Work instructions = The records are to be restated in their entirety, word for word.

Data excerpts =
(* Let $\{\mathcal N,\gamma,\boldsymbol\ell,\ell^{(2)}\}$ be null metric hypersurface data. Then $${\stackrel{\circ}{R}}_{ab}n^a=\pounds_ns_b-2P^{af}U_{ab}s_f+P^{cf}{\stackrel{\circ}{\nabla}}_cU_{bf}-{\stackrel{\circ}{\nabla}}_b(\mathrm{tr}_P\mathbf U)+(\mathrm{tr}_P\mathbf U)s_b,$$ $${\stackrel{\circ}{R}}_{(ab)}n^a=\tfrac12\pounds_ns_b-2P^{af}U_{ab}s_f+P^{cf}{\stackrel{\circ}{\nabla}}_cU_{bf}-{\stackrel{\circ}{\nabla}}_b(\mathrm{tr}_P\mathbf U)+(\mathrm{tr}_P\mathbf U)s_b,$$ $${\stackrel{\circ}{R}}_{ab}n^an^b=-P^{ab}P^{cd}U_{ac}U_{bd}-n(\mathrm{tr}_P\mathbf U).$$
   Context: Metric hypersurface data $\{\mathcal N,\gamma,\boldsymbol\ell,\ell^{(2)}\}$: $\mathcal N$ smooth $\mathfrak n$-manifold, $\gamma$ symmetric $2$-covariant, $\boldsymbol\ell$ a one-form, $\ell^{(2)}$ a function, such that $\boldsymbol{\mathcal A}|_p((W,a),(Z,b))=\gamma(W,Z)+a\boldsymbol\ell(Z)+b\boldsymbol\ell(W)+ab\ell^{(2)}$ is non-degenerate; its inverse $\mathcal A((\boldsymbol\alpha,a),(\boldsymbol\beta,b))=P(\boldsymbol\alpha,\boldsymbol\beta)+a\,n(\boldsymbol\beta)+b\,n(\boldsymbol\alpha)+ab\,n^{(2)}$ defines $P,n,n^{(2)}$ with $\gamma_{ab}n^b+n^{(2)}\ell_a=0$, $\ell_an^a+n^{(2)}\ell^{(2)}=1$, $P^{ab}\ell_b+\ell^{(2)}n^a=0$, $P^{ab}\gamma_{bc}+n^a\ell_c=\delta^a_c$. Null: $n^{(2)}=0$. $\mathbf F=\frac12d\boldsymbol\ell$, $s_b=n^aF_{ab}$, $\mathbf U=\frac12\pounds_n\gamma$, $\mathrm{tr}_P\mathbf U=P^{ab}U_{ab}$. ${\stackrel{\circ}{\nabla}}$ is the unique torsion-free connection with $({\stackrel{\circ}{\nabla}}_X\gamma)(Z,W)=-\mathbf U(X,Z)\boldsymbol\ell(W)-\mathbf U(X,W)\boldsymbol\ell(Z)$, $({\stackrel{\circ}{\nabla}}_X\boldsymbol\ell)(Z)+({\stackrel{\circ}{\nabla}}_Z\boldsymbol\ell)(X)=-2\ell^{(2)}\mathbf U(X,Z)$; curvature convention $R(X,W)Z=(\nabla_X\nabla_W-\nabla_W\nabla_X-\nabla_{[X,W]})Z$, $R^a{}_{bcd}\leftrightarrow\alpha_aZ^bX^cW^d$, Ricci ${\stackrel{\circ}{R}}_{bd}={\stackrel{\circ}{R}}{}^a{}_{bad}$. Parentheses: symmetrization with weight $1/2$. *)

theory Defs
  imports "HOL-Analysis.Analysis"
begin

Output of the task =
(* Let $\{\mathcal N,\gamma,\boldsymbol\ell,\ell^{(2)}\}$ be null metric hypersurface data. Then $${\stackrel{\circ}{R}}_{ab}n^a=\pounds_ns_b-2P^{af}U_{ab}s_f+P^{cf}{\stackrel{\circ}{\nabla}}_cU_{bf}-{\stackrel{\circ}{\nabla}}_b(\mathrm{tr}_P\mathbf U)+(\mathrm{tr}_P\mathbf U)s_b,$$ $${\stackrel{\circ}{R}}_{(ab)}n^a=\tfrac12\pounds_ns_b-2P^{af}U_{ab}s_f+P^{cf}{\stackrel{\circ}{\nabla}}_cU_{bf}-{\stackrel{\circ}{\nabla}}_b(\mathrm{tr}_P\mathbf U)+(\mathrm{tr}_P\mathbf U)s_b,$$ $${\stackrel{\circ}{R}}_{ab}n^an^b=-P^{ab}P^{cd}U_{ac}U_{bd}-n(\mathrm{tr}_P\mathbf U).$$
   Context: Metric hypersurface data $\{\mathcal N,\gamma,\boldsymbol\ell,\ell^{(2)}\}$: $\mathcal N$ smooth $\mathfrak n$-manifold, $\gamma$ symmetric $2$-covariant, $\boldsymbol\ell$ a one-form, $\ell^{(2)}$ a function, such that $\boldsymbol{\mathcal A}|_p((W,a),(Z,b))=\gamma(W,Z)+a\boldsymbol\ell(Z)+b\boldsymbol\ell(W)+ab\ell^{(2)}$ is non-degenerate; its inverse $\mathcal A((\boldsymbol\alpha,a),(\boldsymbol\beta,b))=P(\boldsymbol\alpha,\boldsymbol\beta)+a\,n(\boldsymbol\beta)+b\,n(\boldsymbol\alpha)+ab\,n^{(2)}$ defines $P,n,n^{(2)}$ with $\gamma_{ab}n^b+n^{(2)}\ell_a=0$, $\ell_an^a+n^{(2)}\ell^{(2)}=1$, $P^{ab}\ell_b+\ell^{(2)}n^a=0$, $P^{ab}\gamma_{bc}+n^a\ell_c=\delta^a_c$. Null: $n^{(2)}=0$. $\mathbf F=\frac12d\boldsymbol\ell$, $s_b=n^aF_{ab}$, $\mathbf U=\frac12\pounds_n\gamma$, $\mathrm{tr}_P\mathbf U=P^{ab}U_{ab}$. ${\stackrel{\circ}{\nabla}}$ is the unique torsion-free connection with $({\stackrel{\circ}{\nabla}}_X\gamma)(Z,W)=-\mathbf U(X,Z)\boldsymbol\ell(W)-\mathbf U(X,W)\boldsymbol\ell(Z)$, $({\stackrel{\circ}{\nabla}}_X\boldsymbol\ell)(Z)+({\stackrel{\circ}{\nabla}}_Z\boldsymbol\ell)(X)=-2\ell^{(2)}\mathbf U(X,Z)$; curvature convention $R(X,W)Z=(\nabla_X\nabla_W-\nabla_W\nabla_X-\nabla_{[X,W]})Z$, $R^a{}_{bcd}\leftrightarrow\alpha_aZ^bX^cW^d$, Ricci ${\stackrel{\circ}{R}}_{bd}={\stackrel{\circ}{R}}{}^a{}_{bad}$. Parentheses: symmetrization with weight $1/2$. *)

theory Defs
  imports "HOL-Analysis.Analysis"
begin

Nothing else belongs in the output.